» EXERCISE INSTRUCTIONS
Using the records below, give the number of lines where the word "lambda" appears, with no further output.

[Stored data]
= Beginning of Section =
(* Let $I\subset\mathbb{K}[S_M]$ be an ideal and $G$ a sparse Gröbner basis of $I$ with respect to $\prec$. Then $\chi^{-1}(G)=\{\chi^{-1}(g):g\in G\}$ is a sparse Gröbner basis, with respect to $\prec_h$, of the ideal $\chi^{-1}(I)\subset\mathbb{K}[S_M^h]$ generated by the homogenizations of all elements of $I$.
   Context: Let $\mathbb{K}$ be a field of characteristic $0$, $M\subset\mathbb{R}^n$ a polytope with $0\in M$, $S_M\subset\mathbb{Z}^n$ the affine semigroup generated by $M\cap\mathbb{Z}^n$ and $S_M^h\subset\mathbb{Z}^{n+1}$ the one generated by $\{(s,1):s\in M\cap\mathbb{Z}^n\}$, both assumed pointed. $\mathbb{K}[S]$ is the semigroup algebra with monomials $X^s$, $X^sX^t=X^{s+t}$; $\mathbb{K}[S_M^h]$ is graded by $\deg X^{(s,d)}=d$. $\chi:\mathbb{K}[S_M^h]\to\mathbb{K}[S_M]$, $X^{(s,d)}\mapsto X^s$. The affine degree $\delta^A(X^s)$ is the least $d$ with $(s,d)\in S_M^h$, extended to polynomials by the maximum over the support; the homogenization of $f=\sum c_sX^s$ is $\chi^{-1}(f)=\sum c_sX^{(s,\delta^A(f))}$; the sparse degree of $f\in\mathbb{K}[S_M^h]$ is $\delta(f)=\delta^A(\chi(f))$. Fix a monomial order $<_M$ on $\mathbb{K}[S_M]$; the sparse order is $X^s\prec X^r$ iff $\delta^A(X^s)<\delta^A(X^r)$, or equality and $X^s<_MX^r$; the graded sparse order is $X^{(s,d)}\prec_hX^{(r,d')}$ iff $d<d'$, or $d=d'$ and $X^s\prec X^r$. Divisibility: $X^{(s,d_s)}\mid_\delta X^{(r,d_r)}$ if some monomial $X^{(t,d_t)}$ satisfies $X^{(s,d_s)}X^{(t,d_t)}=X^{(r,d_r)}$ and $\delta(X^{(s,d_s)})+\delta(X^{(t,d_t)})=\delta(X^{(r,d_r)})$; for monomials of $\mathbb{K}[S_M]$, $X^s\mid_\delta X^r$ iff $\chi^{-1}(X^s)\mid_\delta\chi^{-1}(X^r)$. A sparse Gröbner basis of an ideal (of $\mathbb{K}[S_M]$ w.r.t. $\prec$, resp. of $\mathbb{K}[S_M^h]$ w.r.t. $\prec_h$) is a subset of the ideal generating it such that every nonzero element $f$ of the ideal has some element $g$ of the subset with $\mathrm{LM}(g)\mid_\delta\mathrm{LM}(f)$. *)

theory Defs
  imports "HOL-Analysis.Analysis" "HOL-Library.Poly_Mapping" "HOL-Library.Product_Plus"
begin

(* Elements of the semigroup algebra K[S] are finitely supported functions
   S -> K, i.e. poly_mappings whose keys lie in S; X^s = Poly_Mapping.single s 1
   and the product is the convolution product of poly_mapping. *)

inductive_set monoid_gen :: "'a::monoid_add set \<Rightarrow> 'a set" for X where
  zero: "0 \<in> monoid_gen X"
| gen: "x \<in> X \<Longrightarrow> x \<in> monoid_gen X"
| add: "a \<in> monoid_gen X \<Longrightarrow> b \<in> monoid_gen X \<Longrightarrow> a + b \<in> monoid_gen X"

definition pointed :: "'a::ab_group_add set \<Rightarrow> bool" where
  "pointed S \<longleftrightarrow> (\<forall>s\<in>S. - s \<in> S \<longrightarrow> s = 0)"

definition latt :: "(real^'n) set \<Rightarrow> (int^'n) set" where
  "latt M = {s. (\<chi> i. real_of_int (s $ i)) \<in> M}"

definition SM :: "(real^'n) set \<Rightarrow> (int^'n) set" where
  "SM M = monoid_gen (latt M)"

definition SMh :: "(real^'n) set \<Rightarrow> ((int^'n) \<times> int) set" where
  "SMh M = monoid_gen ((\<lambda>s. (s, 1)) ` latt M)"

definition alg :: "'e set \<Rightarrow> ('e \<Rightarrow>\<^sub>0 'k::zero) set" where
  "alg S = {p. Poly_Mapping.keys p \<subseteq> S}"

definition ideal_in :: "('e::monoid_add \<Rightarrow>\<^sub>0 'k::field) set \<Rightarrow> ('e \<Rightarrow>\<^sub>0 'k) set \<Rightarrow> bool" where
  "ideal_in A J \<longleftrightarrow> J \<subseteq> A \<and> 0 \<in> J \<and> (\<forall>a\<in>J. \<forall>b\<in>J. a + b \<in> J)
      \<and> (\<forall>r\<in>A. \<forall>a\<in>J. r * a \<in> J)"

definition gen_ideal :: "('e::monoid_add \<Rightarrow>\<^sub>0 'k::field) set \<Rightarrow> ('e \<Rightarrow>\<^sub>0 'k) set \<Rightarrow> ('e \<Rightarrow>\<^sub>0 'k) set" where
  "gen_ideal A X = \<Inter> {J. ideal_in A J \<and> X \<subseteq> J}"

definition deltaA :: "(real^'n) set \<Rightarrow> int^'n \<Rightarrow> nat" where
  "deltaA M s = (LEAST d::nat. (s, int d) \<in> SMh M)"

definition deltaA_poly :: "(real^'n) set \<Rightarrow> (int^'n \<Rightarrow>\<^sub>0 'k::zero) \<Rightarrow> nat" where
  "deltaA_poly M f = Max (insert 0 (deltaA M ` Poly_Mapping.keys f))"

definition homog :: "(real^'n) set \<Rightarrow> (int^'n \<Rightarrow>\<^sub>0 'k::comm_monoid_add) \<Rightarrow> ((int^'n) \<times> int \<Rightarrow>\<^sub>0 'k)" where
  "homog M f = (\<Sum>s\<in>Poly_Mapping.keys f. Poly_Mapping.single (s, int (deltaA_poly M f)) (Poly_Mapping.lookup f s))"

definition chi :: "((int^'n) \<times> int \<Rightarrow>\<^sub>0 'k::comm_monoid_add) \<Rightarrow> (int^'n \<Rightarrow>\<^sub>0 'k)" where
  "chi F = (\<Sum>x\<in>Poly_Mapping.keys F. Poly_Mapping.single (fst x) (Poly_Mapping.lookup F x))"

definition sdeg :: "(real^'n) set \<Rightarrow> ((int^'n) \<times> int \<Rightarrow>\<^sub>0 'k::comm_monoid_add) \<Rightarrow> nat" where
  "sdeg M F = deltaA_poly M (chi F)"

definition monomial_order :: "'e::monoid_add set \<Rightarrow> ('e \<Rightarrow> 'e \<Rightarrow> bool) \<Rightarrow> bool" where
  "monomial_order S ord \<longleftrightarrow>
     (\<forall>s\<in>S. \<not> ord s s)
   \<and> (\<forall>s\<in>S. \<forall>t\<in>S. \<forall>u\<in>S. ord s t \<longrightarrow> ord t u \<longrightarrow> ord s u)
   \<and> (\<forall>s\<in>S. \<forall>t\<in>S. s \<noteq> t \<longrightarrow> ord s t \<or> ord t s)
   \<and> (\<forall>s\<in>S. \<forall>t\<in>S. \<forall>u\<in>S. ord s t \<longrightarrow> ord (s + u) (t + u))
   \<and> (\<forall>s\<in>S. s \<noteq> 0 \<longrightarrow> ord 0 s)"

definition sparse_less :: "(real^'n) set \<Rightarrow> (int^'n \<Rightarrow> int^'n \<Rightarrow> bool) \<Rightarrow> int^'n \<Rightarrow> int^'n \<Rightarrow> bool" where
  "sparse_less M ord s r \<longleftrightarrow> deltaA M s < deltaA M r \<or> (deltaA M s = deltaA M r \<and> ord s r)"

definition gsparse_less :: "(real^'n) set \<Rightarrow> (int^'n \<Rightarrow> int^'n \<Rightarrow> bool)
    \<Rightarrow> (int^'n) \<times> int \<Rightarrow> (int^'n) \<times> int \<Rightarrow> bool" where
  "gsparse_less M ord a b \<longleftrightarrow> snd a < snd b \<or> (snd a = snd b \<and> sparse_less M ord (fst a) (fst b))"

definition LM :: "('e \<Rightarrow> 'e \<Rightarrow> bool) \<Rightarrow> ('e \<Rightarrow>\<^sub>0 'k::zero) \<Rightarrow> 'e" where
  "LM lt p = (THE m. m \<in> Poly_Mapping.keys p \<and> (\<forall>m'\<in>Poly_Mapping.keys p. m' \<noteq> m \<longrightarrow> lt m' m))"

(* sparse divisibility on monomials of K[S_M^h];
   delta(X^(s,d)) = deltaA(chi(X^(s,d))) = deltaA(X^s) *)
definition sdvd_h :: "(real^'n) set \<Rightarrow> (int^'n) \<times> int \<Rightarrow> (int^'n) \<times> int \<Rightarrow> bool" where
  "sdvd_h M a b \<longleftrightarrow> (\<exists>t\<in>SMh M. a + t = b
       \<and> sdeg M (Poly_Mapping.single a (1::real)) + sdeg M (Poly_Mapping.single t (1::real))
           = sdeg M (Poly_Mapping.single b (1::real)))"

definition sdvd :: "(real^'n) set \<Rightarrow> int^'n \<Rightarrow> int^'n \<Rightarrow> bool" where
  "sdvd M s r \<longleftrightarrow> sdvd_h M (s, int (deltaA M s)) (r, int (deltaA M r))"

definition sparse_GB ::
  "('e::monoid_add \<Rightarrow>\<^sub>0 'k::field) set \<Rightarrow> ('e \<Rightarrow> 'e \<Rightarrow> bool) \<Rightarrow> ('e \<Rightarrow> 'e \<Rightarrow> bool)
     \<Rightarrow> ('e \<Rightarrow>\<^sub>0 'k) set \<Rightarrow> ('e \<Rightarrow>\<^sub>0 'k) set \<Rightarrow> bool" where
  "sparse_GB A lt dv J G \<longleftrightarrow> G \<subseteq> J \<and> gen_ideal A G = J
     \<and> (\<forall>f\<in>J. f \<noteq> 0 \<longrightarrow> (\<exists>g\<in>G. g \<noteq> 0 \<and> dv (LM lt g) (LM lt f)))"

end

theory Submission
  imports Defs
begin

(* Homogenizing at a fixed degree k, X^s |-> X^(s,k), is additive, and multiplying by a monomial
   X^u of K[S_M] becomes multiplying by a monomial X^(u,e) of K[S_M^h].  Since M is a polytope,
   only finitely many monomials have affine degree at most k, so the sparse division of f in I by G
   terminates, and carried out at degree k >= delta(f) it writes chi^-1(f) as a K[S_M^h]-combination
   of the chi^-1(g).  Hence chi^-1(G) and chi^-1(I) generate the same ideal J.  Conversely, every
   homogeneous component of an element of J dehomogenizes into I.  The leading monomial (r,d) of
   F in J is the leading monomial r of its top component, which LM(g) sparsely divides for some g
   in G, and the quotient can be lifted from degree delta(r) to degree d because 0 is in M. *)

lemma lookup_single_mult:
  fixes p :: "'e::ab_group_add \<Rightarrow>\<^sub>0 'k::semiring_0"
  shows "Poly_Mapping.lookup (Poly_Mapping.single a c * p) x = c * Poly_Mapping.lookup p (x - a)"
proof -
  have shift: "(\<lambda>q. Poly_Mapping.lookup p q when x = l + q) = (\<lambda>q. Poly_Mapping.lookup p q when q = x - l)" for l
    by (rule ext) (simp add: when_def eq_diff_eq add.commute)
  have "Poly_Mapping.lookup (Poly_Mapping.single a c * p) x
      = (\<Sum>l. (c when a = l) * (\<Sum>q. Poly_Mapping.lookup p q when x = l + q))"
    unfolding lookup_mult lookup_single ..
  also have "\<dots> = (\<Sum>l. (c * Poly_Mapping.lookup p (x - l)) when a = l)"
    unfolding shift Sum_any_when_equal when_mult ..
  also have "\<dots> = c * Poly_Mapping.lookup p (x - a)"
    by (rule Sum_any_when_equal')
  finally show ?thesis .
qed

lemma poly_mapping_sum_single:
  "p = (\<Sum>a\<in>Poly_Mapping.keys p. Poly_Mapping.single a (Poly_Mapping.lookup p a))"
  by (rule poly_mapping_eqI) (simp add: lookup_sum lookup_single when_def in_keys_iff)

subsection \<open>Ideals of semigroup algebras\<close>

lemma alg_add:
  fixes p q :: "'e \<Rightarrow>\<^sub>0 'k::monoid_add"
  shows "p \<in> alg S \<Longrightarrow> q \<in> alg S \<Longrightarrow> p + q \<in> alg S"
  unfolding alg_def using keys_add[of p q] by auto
= End of Section =
» WRITTEN ANSWER
2